The mechanics of the show see 15 men and 15 women, who’ve never met, live separately from each other. They never see each other or come into physical contact with one another.

However, the participants are able to talk to each other constantly in private rooms partitioned by opaque glass that cannot be seen through. So they can hear each other, listen to each other, talk and laugh, flirt and fall out – but they can never see what the other person looks like.

Couples quickly start to pair up. Some hit it off right away, others instantly don’t attract each other. It doesn’t take long before real emotional attachments develop. And of course, the producers fuel the flirting with plenty of free and disinhibiting alcohol.

After 10 days, the show moves into a new stage. If any of the couples think they’ve fallen in love and could spend the rest of their lives together, then now is the time to say so. 

Almost half the couples paired off – out of 30 people who took part in this strange experiment, 12 got together. 

But they didn’t just get together – they got engaged. To be married.

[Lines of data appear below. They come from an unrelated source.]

lemma split_integral_equation:
  assumes r: "r > 0"
  shows "u r = \<zeta> - (integral {0..r} (\<lambda>s. s powr (2 - real N) * (s powr (real N - 1) * g s))
                     - r powr (2 - real N) * flux r) / (real N - 2)"
proof -
  have "(\<lambda>s. (s powr (2 - real N) - r powr (2 - real N)) / (real N - 2)
            * (s powr (real N - 1) * g s))
      = (\<lambda>s. (s powr (2 - real N) * (s powr (real N - 1) * g s)
            - r powr (2 - real N) * (s powr (real N - 1) * g s)) / (real N - 2))"
    by (auto simp: field_simps)
  then have "\<zeta> - u r = (integral {0..r} (\<lambda>s. s powr (2 - real N) * (s powr (real N - 1) * g s))
                     - r powr (2 - real N) * flux r) / (real N - 2)"
    using integral_unique[OF regular_solution_has_integral[OF reg, of r]] r
      first_kernel_term_integrable[OF r] weighted_source_integrable[OF r]
    unfolding radial_flux_def by (simp add: integral_diff integrable_on_cmult_left)
  then show ?thesis by simp
qed

lemma u_has_real_derivative:
  assumes r: "r > 0"
  shows "(u has_real_derivative - (r powr (1 - real N)) * flux r) (at r)"
proof -
  define J where "J r = integral {0..r} (\<lambda>s. s powr (2 - real N) * (s powr (real N - 1) * g s))"
    for r
  have "(J has_real_derivative r powr (2 - real N) * (r powr (real N - 1) * g r)) (at r)"
    unfolding J_def using r
    by (intro has_real_derivative_integral_from first_kernel_term_integrable continuous_intros
        continuous_on_weighted_source) auto
  then have "((\<lambda>r. \<zeta> - (J r - r powr (2 - real N) * flux r) / (real N - 2)) has_real_derivative
      - (r powr (2 - real N) * (r powr (real N - 1) * g r)
         - ((2 - real N) * r powr (2 - real N - 1) * flux r
            + r powr (2 - real N) * (r powr (real N - 1) * g r))) / (real N - 2)) (at r)"
    using r dim by (auto intro!: derivative_eq_intros has_real_derivative_flux)
  moreover have "- (r powr (2 - real N) * (r powr (real N - 1) * g r)
         - ((2 - real N) * r powr (2 - real N - 1) * flux r
            + r powr (2 - real N) * (r powr (real N - 1) * g r))) / (real N - 2)
      = - (r powr (1 - real N)) * flux r"
    using dim_gt_2 by (simp add: field_simps)
  ultimately have "((\<lambda>r. \<zeta> - (J r - r powr (2 - real N) * flux r) / (real N - 2)) has_real_derivative
      - (r powr (1 - real N)) * flux r) (at r)"
    by simp
  then show ?thesis
  proof (rule has_field_derivative_transform_within_open[where S = "{0<..}"])
    show "\<zeta> - (J x - x powr (2 - real N) * flux x) / (real N - 2) = u x" if "x \<in> {0<..}" for x
      unfolding J_def by (rule sym, rule split_integral_equation) (use that in simp)
  qed (use r in auto)
qed

lemma flux_nonneg:
  assumes g_nonneg: "\<And>s. s > 0 \<Longrightarrow> g s \<ge> 0" and r: "r > 0"
  shows "flux r \<ge> 0"
  unfolding radial_flux_def
proof (rule integral_nonneg[OF weighted_source_integrable[OF r]])
  show "s powr (real N - 1) * g s \<ge> 0" if "s \<in> {0..r}" for s
    using that g_nonneg[of s] by (cases "s = 0") auto
qed

lemma u_nonincreasing:
  assumes g_nonneg: "\<And>s. s > 0 \<Longrightarrow> g s \<ge> 0" and "0 < r" "r \<le> r'"
  shows "u r' \<le> u r"
proof (rule DERIV_nonpos_imp_nonincreasing[OF \<open>r \<le> r'\<close>])
  fix t assume "r \<le> t" "t \<le> r'"
  then have t: "t > 0" using \<open>0 < r\<close> by simp
  show "\<exists>y. (u has_real_derivative y) (at t) \<and> y \<le> 0"
    using u_has_real_derivative[OF t] flux_nonneg[OF g_nonneg t] by auto
qed

text \<open>\<open>r\<close> times the derivative of \<open>r\<^sup>\<theta> u\<close>, written through the flux so that no derivative
  of \<open>u\<close> is needed.\<close>
definition ef_velocity :: "real \<Rightarrow> real \<Rightarrow> real"
  where "ef_velocity \<theta> r = \<theta> * (r powr \<theta> * u r) - r powr (\<theta> + 2 - real N) * flux r"

lemma has_real_derivative_scaled:
  assumes r: "r > 0"
  shows "((\<lambda>r. r powr \<theta> * u r) has_real_derivative ef_velocity \<theta> r / r) (at r)"
proof -
  have "((\<lambda>r. r powr \<theta> * u r) has_real_derivative
      \<theta> * r powr (\<theta> - 1) * u r + r powr \<theta> * (- (r powr (1 - real N)) * flux r)) (at r)"
    using r by (auto intro!: derivative_eq_intros u_has_real_derivative)
  moreover have "r powr (\<theta> - 1) = r powr \<theta> / r"
    using r by (rule powr_diff_one)
  moreover have "r powr \<theta> * r powr (1 - real N) = r powr (\<theta> + 2 - real N) / r"
    by (rule powr_mult_powr_eq_powr_div) (use r in auto)
  then have "r powr \<theta> * (- (r powr (1 - real N)) * flux r) = - (r powr (\<theta> + 2 - real N) / r * flux r)"
    by (metis minus_mult_left minus_mult_right mult.assoc)
  ultimately show ?thesis
    unfolding ef_velocity_def by (simp add: diff_divide_distrib mult.assoc)
qed

lemma has_real_derivative_ef_velocity:
  assumes r: "r > 0"
  shows "(ef_velocity \<theta> has_real_derivative
      (\<theta> * ef_velocity \<theta> r + (real N - 2 - \<theta>) * (\<theta> * (r powr \<theta> * u r) - ef_velocity \<theta> r)
        - r powr (\<theta> + 2) * g r) / r) (at r)"
proof -
  have "((\<lambda>r. r powr (\<theta> + 2 - real N) * flux r) has_real_derivative
      (\<theta> + 2 - real N) * r powr (\<theta> + 2 - real N - 1) * flux r
         + r powr (\<theta> + 2 - real N) * (r powr (real N - 1) * g r)) (at r)"
    using r by (auto intro!: derivative_eq_intros has_real_derivative_flux)
  from DERIV_diff[OF DERIV_cmult[OF has_real_derivative_scaled[OF r]] this]
  have "(ef_velocity \<theta> has_real_derivative \<theta> * (ef_velocity \<theta> r / r)
      - ((\<theta> + 2 - real N) * r powr (\<theta> + 2 - real N - 1) * flux r
         + r powr (\<theta> + 2 - real N) * (r powr (real N - 1) * g r))) (at r)"
    unfolding ef_velocity_def[abs_def] .
  moreover have "r powr (\<theta> + 2 - real N - 1) = r powr (\<theta> + 2 - real N) / r"
    using r by (rule powr_diff_one)
  moreover have "r powr (\<theta> + 2 - real N) * r powr (real N - 1) = r powr (\<theta> + 2) / r"
    by (rule powr_mult_powr_eq_powr_div) (use r in auto)
  then have "r powr (\<theta> + 2 - real N) * (r powr (real N - 1) * g r) = r powr (\<theta> + 2) / r * g r"
    by (metis mult.assoc)
  ultimately have "(ef_velocity \<theta> has_real_derivative (\<theta> * ef_velocity \<theta> r
      + (real N - 2 - \<theta>) * (r powr (\<theta> + 2 - real N) * flux r) - r powr (\<theta> + 2) * g r) / r) (at r)"
    by (simp add: diff_divide_distrib add_divide_distrib algebra_simps)
  moreover have "r powr (\<theta> + 2 - real N) * flux r = \<theta> * (r powr \<theta> * u r) - ef_velocity \<theta> r"
    unfolding ef_velocity_def by simp
  ultimately show ?thesis
    by simp
qed

end

section \<open>Trapping near the singular solution\<close>

locale supercritical =
  fixes N :: nat and \<alpha> p k0 :: real
  assumes N_ge_3: "N \<ge> 3" and alpha_gt: "\<alpha> > -2" and k0_pos: "k0 > 0" and p_gt_pS: "p > pS N \<alpha>"
begin

abbreviation "\<theta> \<equiv> theta \<alpha> p"
abbreviation "\<gamma> \<equiv> gam N k0 \<alpha> p"
abbreviation "\<delta> \<equiv> real N - 2 - 2 * \<theta>"
abbreviation "\<kappa> \<equiv> (p - 1) * \<theta> * (real N - 2 - \<theta>)"
abbreviation "\<eta> \<equiv> perturbation_tolerance \<delta> \<kappa>"

text \<open>The hypotheses at \<open>r\<^sub>1\<close> give \<open>\<bar>x\<bar> \<le> \<epsilon>\<close> and \<open>\<bar>y\<bar> \<le> (1 + \<theta>) \<epsilon>\<close>, hence energy at most
  \<open>\<Lambda> \<epsilon>\<^sup>2 / 2\<close>; on the level \<open>\<Lambda> \<epsilon>\<^sup>2\<close> one has \<open>\<bar>x\<bar>, \<bar>y\<bar> \<le> \<beta> \<epsilon>\<close>.\<close>
definition \<Lambda> :: real
  where "\<Lambda> = 2 * (\<kappa> + \<delta>\<^sup>2 / 2 + \<delta> + 1) * (1 + (\<theta> + 1)\<^sup>2)"

definition \<beta> :: real
  where "\<beta> = 1 + \<Lambda> / min \<kappa> (1/2)"

lemma p_gt_1: "p > 1"
proof -
  have "pS N \<alpha> - 1 = (4 + 2 * \<alpha>) / (real N - 2)"
    using N_ge_3 unfolding pS_def by (simp add: field_simps)
  also have "\<dots> > 0"
    using alpha_gt N_ge_3 by simp
  finally show ?thesis
    using p_gt_pS by linarith
qed

lemma theta_pos: "\<theta> > 0"
  using p_gt_1 alpha_gt unfolding theta_def by simp

lemma theta_mult: "\<theta> * (p - 1) = 2 + \<alpha>"
  using p_gt_1 unfolding theta_def by simp

lemma delta_pos: "\<delta> > 0"
proof -
  have "(pS N \<alpha> - 1) * (real N - 2) = 4 + 2 * \<alpha>"
    using N_ge_3 unfolding pS_def by (simp add: field_simps)
  moreover have "(pS N \<alpha> - 1) * (real N - 2) < (p - 1) * (real N - 2)"
    using p_gt_pS N_ge_3 by (intro mult_strict_right_mono) auto
  ultimately have "2 * (2 + \<alpha>) < (p - 1) * (real N - 2)"
    by simp
  then show ?thesis
    using p_gt_1 unfolding theta_def by (simp add: field_simps)
qed

lemma N_minus_theta_pos: "real N - 2 - \<theta> > 0"
  using delta_pos theta_pos by simp

lemma kappa_pos: "\<kappa> > 0"
  using p_gt_1 theta_pos delta_pos by simp

lemma gam_pos: "\<gamma> > 0"
  using k0_pos theta_pos delta_pos unfolding gam_def by simp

And that marriage is coming in less than a month. At this point, the couples still haven’t seen each other in the flesh.

Finally, six couples get to meet in person. There’s tears and hugging and kissing and promises of everlasting love. But for some it’s clear there’s no physical attraction at all. 

All six couples head off to Mexico for a holiday – and to see if protestations of love can become physical love. The bottom line is: will they have sex?

The answer is that most do, but some don’t. And it’s painful to see how this lack of intimacy eats away at strong friendships which had been built on personality not looks.

Once the holiday is over, it’s time to try living together. This is were the cracks really begin to show – where the glamour and thrill of falling in love are replaced by the daily demands of sharing your every waking hour with someone who’s still essentially a stranger.

Then it’s time to meet the parents, to work out where to live. Who will make compromises over their career? Who wants a child? Who doesn’t?

As the weeks tick away, there’s only one challenge left – to make it to the altar. 
I finished the series last night. Do they all marry? Well, I don’t want to give any spoilers away but I suppose in some cases love can be blind – in other cases love has very clear 20-20 vision.

The contestants are all millennials. No-one is over 40. Netflix, of course, is able to navigate the millennial hive mind like no other part of our media or culture – its producers, directors and writers seem to intuitively know how millennials tick, what appeals to them, and what they need.

And so what makes Love is Blind so fascinating is how the series focuses on romantic isolation. It seems to be saying that at its heart the millennial generation is lonely. And that is genuinely saddening.

The participants in the show were all desperate for love. Love has been hard to find for them.

The show felt like a subconscious rejection of the dating app, of the inhumanity of swiping left and right for love and romance and sex. The contestants have spent their lives behind screens.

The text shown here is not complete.